Было лишь одно «но»: длинная, в два локтя, золотая игла пронзала раковину улитки, проходила ее слизнеобразное тело насквозь и исчезала в теле убитого. В ушко иглы были продеты разом несколько десятков нитей, уходящих к потолку.
А на потолке подземелья, расходясь кругами от воображаемого центра, которым служило сердце мертвого человека, едва заметно шевелились другие улитки – точные копии первой. Их раковины тоже были проткнуты иглами, связанными нитями с главной золотой иглой.
Пока Эгин с изумлением рассматривал эту чудовищную конструкцию, Милас уверенно подошел к улитке, сидевшей на трупе, и разрубил ее надвое. Раз, и еще раз, и еще.
Как только главная улитка была уничтожена, остальные обеспокоенно закопошились. Ровные круги расстроились. Твари поползли кто куда и одна за другой начали падать на пол. Эгин подошел к ближайшей и не без некоторой опаски раскроил «облачным» клинком.
– Оставьте их, они всего лишь погремушки в руках Смерти. Вся убийственная галиматья записана здесь, – Милас поднял золотую иглу, перепачканную слизью и кровью. – Без нее и без ключевого источника жизненных вибраций улитки превращаются всего лишь в ядовитое кушанье, не более того. У этого искусства множество ликов. Если бы ритуал проводился не над трупом человека, а над молодой цветущей грушей, и если бы на игле была другая запись, мы услышали бы сладкоголосое пение хора харренских мальчиков. Они бы пели «Слава!» и «Радуйся!».

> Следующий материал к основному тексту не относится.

lemma gen_sg_AA_gens_subset: "0 < k \<Longrightarrow> gen_sg (AA_gens a d k c) \<subseteq> AA_repr a d k c"
proof
  fix n
  assume k: "0 < k" and "n \<in> gen_sg (AA_gens a d k c)"
  then obtain f where f: "\<forall>g. 0 \<le> f g" "n = (\<Sum>g\<in>AA_gens a d k c. f g * g)"
    by (auto simp: gen_sg_def)
  have "(\<Sum>g\<in>G. f g * g) \<in> AA_repr a d k c" if "finite G" "G \<subseteq> AA_gens a d k c" for G
    using that
  proof (induction G rule: finite_induct)
    case empty
    show ?case
      unfolding AA_repr_def by (intro CollectI exI[of _ 0] conjI) simp_all
  next
    case (insert g G)
    have "f g * g \<in> AA_repr a d k c"
      using insert.prems f(1) by (intro AA_repr_mult_gen[OF k]) auto
    then show ?case
      using insert by (simp add: AA_repr_add)
  qed
  from this[OF finite_AA_gens order_refl] show "n \<in> AA_repr a d k c"
    using f(2) by simp
qed

lemma pseudo_symmetric_half_notin: "pseudo_symmetric S \<Longrightarrow> frob S div 2 \<notin> S"
  unfolding pseudo_symmetric_def by blast

lemma pseudo_symmetric_half_plus_or_minus:
  assumes "pseudo_symmetric S" "z \<noteq> 0"
  shows "frob S div 2 + z \<in> S \<or> frob S div 2 - z \<in> S"
proof (rule disjCI)
  assume "frob S div 2 - z \<notin> S"
  moreover have "frob S div 2 - z \<in> S \<union> {frob S - s | s. s \<in> S}" "even (frob S)"
    using assms unfolding pseudo_symmetric_def by auto
  ultimately obtain s where "s \<in> S" "frob S div 2 - z = frob S - s"
    by blast
  moreover from \<open>even (frob S)\<close> have "frob S = 2 * (frob S div 2)"
    by simp
  ultimately have "s = frob S div 2 + z" "s \<in> S"
    by linarith+
  then show "frob S div 2 + z \<in> S"
    by simp
qed

lemma pseudo_symmetric_half_plus:
  assumes "pseudo_symmetric S" and add: "\<And>n n'. n \<in> S \<Longrightarrow> n' \<in> S \<Longrightarrow> n + n' \<in> S"
    and "g \<in> S" "g \<noteq> 0"
  shows "frob S div 2 + g \<in> S"
  using pseudo_symmetric_half_plus_or_minus[OF assms(1,4)] pseudo_symmetric_half_notin[OF assms(1)]
    add[OF _ assms(3), of "frob S div 2 - g"] by auto

lemma cf_state_Suc:
  "cf_state a s0 n = (u, w, p, r) \<Longrightarrow>
   cf_state a s0 (Suc n) = (w, ceil_div u w * w - u, r, ceil_div u w * r - p)"
  by (simp add: ceil_div_def Let_def)

lemma cf_state_det: "cf_state a s0 n = (u, w, p, r) \<Longrightarrow> u * r - w * p = a"
proof (induction n arbitrary: u w p r)
  case (Suc n)
  obtain u' w' p' r' where st: "cf_state a s0 n = (u', w', p', r')"
    by (cases "cf_state a s0 n") auto
  define q where "q = ceil_div u' w'"
  have new: "u = w'" "w = q * w' - u'" "p = r'" "r = q * r' - p'"
    using Suc.prems cf_state_Suc[OF st] by (simp_all add: q_def)
  show ?case
    using Suc.IH[OF st] unfolding new by (simp add: algebra_simps)
qed simp

lemma cf_state_cong:
  "[d * s0 = c] (mod a) \<Longrightarrow> cf_state a s0 n = (u, w, p, r) \<Longrightarrow>
   [u * d = p * c] (mod a) \<and> [w * d = r * c] (mod a)"
proof (induction n arbitrary: u w p r)
  case 0
  then show ?case
    by (auto simp: mult.commute cong_sym cong_mult_self_right)
next
  case (Suc n)
  obtain u' w' p' r' where st: "cf_state a s0 n = (u', w', p', r')"
    by (cases "cf_state a s0 n") auto
  define q where "q = ceil_div u' w'"
  have IH: "[u' * d = p' * c] (mod a)" "[w' * d = r' * c] (mod a)"
    using Suc.IH[OF Suc.prems(1) st] by auto
  have "[q * (w' * d) - u' * d = q * (r' * c) - p' * c] (mod a)"
    using IH by (intro cong_diff cong_scalar_left)
  then have "[(q * w' - u') * d = (q * r' - p') * c] (mod a)"
    by (simp add: algebra_simps)
  with IH(2) Suc.prems(2) cf_state_Suc[OF st] show ?case
    by (simp add: q_def)
qed

text \<open>Once some \<open>s\<^sub>i\<close> vanishes, the recursion continues with \<open>q = 0\<close> and cycles through the
  last three sign patterns; only the first one describes genuine steps of the algorithm.\<close>
lemma cf_state_shape:
  assumes "0 \<le> s0" "s0 < a"
  shows "cf_state a s0 n = (u, w, p, r) \<Longrightarrow>
    (0 \<le> w \<and> w < u \<and> 0 \<le> p \<and> p < r) \<or>
    (u = 0 \<and> w < 0 \<and> r \<le> 0 \<and> 0 < p \<and> - r < p) \<or>
    (u < 0 \<and> w = 0 \<and> p \<le> 0 \<and> r < p) \<or>
    (u = 0 \<and> 0 < w \<and> p < 0 \<and> 0 \<le> r \<and> r < - p)"
proof (induction n arbitrary: u w p r)
  case 0
  then show ?case
    using assms by auto
next
  case (Suc n)
  obtain u' w' p' r' where st: "cf_state a s0 n = (u', w', p', r')"
    by (cases "cf_state a s0 n") auto
  define q where "q = ceil_div u' w'"
  have new: "u = w'" "w = q * w' - u'" "p = r'" "r = q * r' - p'"
    using Suc.prems cf_state_Suc[OF st] by (simp_all add: q_def)
  consider (pos) "0 < w'" "w' < u'" "0 \<le> p'" "p' < r'"
    | "w' = 0" "0 < u'" "0 \<le> p'" "p' < r'"
    | "u' = 0" "w' < 0" "r' \<le> 0" "0 < p'" "- r' < p'"
    | "u' < 0" "w' = 0" "p' \<le> 0" "r' < p'"
    | "u' = 0" "0 < w'" "p' < 0" "0 \<le> r'" "r' < - p'"
    using Suc.IH[OF st] by force
  then show ?case
  proof cases
    case pos
    have "u' \<le> q * w'" "q * w' - w' < u'" "2 \<le> q"
      using pos ceil_div_bounds[of w' u'] le_ceil_div_iff[of w' 2 u']
      by (simp_all add: q_def mult.commute)
    moreover have "2 * r' \<le> q * r'"
      using \<open>2 \<le> q\<close> pos by (intro mult_right_mono) auto
    ultimately have "0 \<le> w \<and> w < u \<and> 0 \<le> p \<and> p < r"
      using pos unfolding new by linarith
    then show ?thesis ..
  qed (simp_all add: new q_def ceil_div_def)
qed

lemma cf_state_sseq:
  "-1 \<le> i \<Longrightarrow>
   cf_state a s0 (nat (i + 1)) = (sseq a s0 i, sseq a s0 (i + 1), Pseq a s0 i, Pseq a s0 (i + 1))"
proof -
  assume "-1 \<le> i"
  then have "nat (i + 1 + 1) = Suc (nat (i + 1))"
    by simp
  then show ?thesis
    by (cases "cf_state a s0 (nat (i + 1))") (simp add: sseq_def Pseq_def Let_def)
qed

definition staircase :: "int \<Rightarrow> int \<Rightarrow> int \<Rightarrow> int \<Rightarrow> (int \<times> int) set" where
  "staircase s s' P P' = {0..s - 1} \<times> {0..P' - P - 1} \<union> {0..s - s' - 1} \<times> {P' - P..P' - 1}"

lemma Lset_eq_staircase:
  "Lset a s0 v = staircase (sseq a s0 v) (sseq a s0 (v + 1)) (Pseq a s0 v) (Pseq a s0 (v + 1))"
  by (auto simp: Lset_def staircase_def)

lemma staircase_pred: "(x, y) \<in> staircase s s' P P' \<Longrightarrow> x \<noteq> 0 \<Longrightarrow> (x - 1, y) \<in> staircase s s' P P'"
  by (auto simp: staircase_def)

locale rodseth_staircase =
  fixes a d k c s s' P P' :: int
  assumes pos: "0 < a" "0 < d" "0 < k" "0 < c"
    and coprime: "gcd a d = 1"
    and order: "0 \<le> s'" "s' < s" "0 \<le> P" "P < P'"
    and det: "s * P' - s' * P = a"
    and cong: "[s * d = P * c] (mod a)" "[s' * d = P' * c] (mod a)"
    and R_pos: "0 < (a + k * d) * s - k * c * P"
    and R_nonpos: "(a + k * d) * s' - k * c * P' \<le> 0"
begin

abbreviation "L \<equiv> staircase s s' P P'"
abbreviation "\<phi> \<equiv> phi a d k c"

lemma phi_cong_move:
  assumes "[i * d = j * c] (mod a)"
  shows "[\<phi> (x - i, y + j) = \<phi> (x, y)] (mod a)"
proof -
  have "[(x - i) * d + (y + j) * c = x * d + y * c - (i * d - j * c)] (mod a)"
    by (simp add: algebra_simps)
  also have "[x * d + y * c - (i * d - j * c) = x * d + y * c - 0] (mod a)"
    using assms by (intro cong_diff cong_refl) (simp add: cong_iff_dvd_diff)
  finally show ?thesis
    using phi_cong_linear cong_sym cong_trans by (metis diff_zero)
qed

lemma phi_move_left: "s \<le> x \<Longrightarrow> \<phi> (x - s, y + P) \<le> \<phi> (x, y)"
proof -
  assume "s \<le> x"
  obtain t where t: "s * d - P * c = a * t"
    using cong(1) by (auto simp: cong_iff_dvd_diff elim!: dvdE)
  have "a * (s + k * t) = (a + k * d) * s - k * c * P"
    using t by algebra
  then have "0 < a * (s + k * t)"
    using R_pos by simp
  then have "0 < s + k * t"
    using pos(1) by (simp add: zero_less_mult_iff)
  moreover have "s < k * (s div k) + k"
    using mult_div_mod_eq[of k s] pos_mod_bound[OF pos(3), of s] by linarith
  ultimately have "0 < k * (s div k + t + 1)"
    by (simp add: algebra_simps)
  then have "0 \<le> s div k + t"
    using pos(3) by (simp add: zero_less_mult_iff)
  then have "0 \<le> a * (s div k + t)"
    using pos(1) by simp
  then have "0 \<le> (s div k) * a + a * t"
    by (simp add: distrib_left mult.commute)
  moreover have "ceil_div (x - s) k * a \<le> (ceil_div x k - s div k) * a"
    using ceil_div_diff_le[OF pos(3)] pos(1) by (simp add: mult_right_mono)
  moreover have "\<phi> (x - s, y + P) = \<phi> (x, y) + (ceil_div (x - s) k - ceil_div x k) * a - a * t"
    unfolding phi_eq using t by algebra
  ultimately show ?thesis
    by (simp add: left_diff_distrib)
qed

lemma phi_move_down: "\<phi> (x + s', y - P') \<le> \<phi> (x, y)"
proof -
  obtain t where t: "P' * c - s' * d = a * t"
    using cong_sym[OF cong(2)] by (auto simp: cong_iff_dvd_diff elim!: dvdE)
  have "a * (s' - k * t) = (a + k * d) * s' - k * c * P'"
    using t by algebra
  then have "a * (s' - k * t) \<le> 0"
    using R_nonpos by simp
  then have "ceil_div s' k \<le> t"
    using pos(1,3) by (simp add: ceil_div_le_iff mult_le_0_iff)
  then have "ceil_div (x + s') k * a \<le> (ceil_div x k + t) * a"
    using ceil_div_add_le[OF pos(3), of x s'] pos(1) by (simp add: mult_right_mono)
  moreover have "\<phi> (x + s', y - P') = \<phi> (x, y) + (ceil_div (x + s') k - ceil_div x k) * a - a * t"
    unfolding phi_eq using t by algebra
  ultimately show ?thesis
    by (simp add: algebra_simps)
qed

lemma phi_move_diag: "\<phi> (x - (s - s'), y - (P' - P)) \<le> \<phi> (x, y)"
proof -
  have "ceil_div (x - (s - s')) k * a \<le> ceil_div x k * a"
    using ceil_div_mono[OF pos(3)] order pos(1) by (simp add: mult_right_mono)
  moreover have "0 < (s - s') * d + (P' - P) * c"
    using order pos by (simp add: add_pos_pos)
  ultimately show ?thesis
    by (simp add: phi_eq algebra_simps)
qed

definition descent :: "((int \<times> int) \<times> (int \<times> int)) set" where
  "descent = measures [\<lambda>(x, y). nat ((a + k * d) * x + k * c * y), \<lambda>(x, y). nat y]"

lemma wf_descent: "wf descent"
  by (simp add: descent_def)

lemma descentI:
  assumes "0 \<le> x'" "0 \<le> y'"
    and "(a + k * d) * x' + k * c * y' < (a + k * d) * x + k * c * y \<or>
      (a + k * d) * x' + k * c * y' \<le> (a + k * d) * x + k * c * y \<and> y' < y"
  shows "((x', y'), (x, y)) \<in> descent"
proof -
  have "0 \<le> (a + k * d) * x' + k * c * y'"
    using assms(1,2) pos by simp
  then show ?thesis
    using assms(2,3) by (auto simp: descent_def)
qed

– И что – бывали такие случаи?
– На этой заставе бывали любые случаи. Правда, не со мной. Этому схрону уже лет пятьсот. Его построили специально для того, чтобы в зависимости от ситуации привечать гостей теми или иными вариантами звуковой магии. Обычно здесь не играют вообще ничего. Иногда – какой-нибудь славный мотивчик. Не «Ох, красивы егеря у сотинальма Фердеря», а «В поход собираясь, он так говорит баронессе…» или «И будешь ты, царь презренный, презренней своих рабов». Нам не повезло. Нас все-таки вычислили загодя и встретили, как врагов.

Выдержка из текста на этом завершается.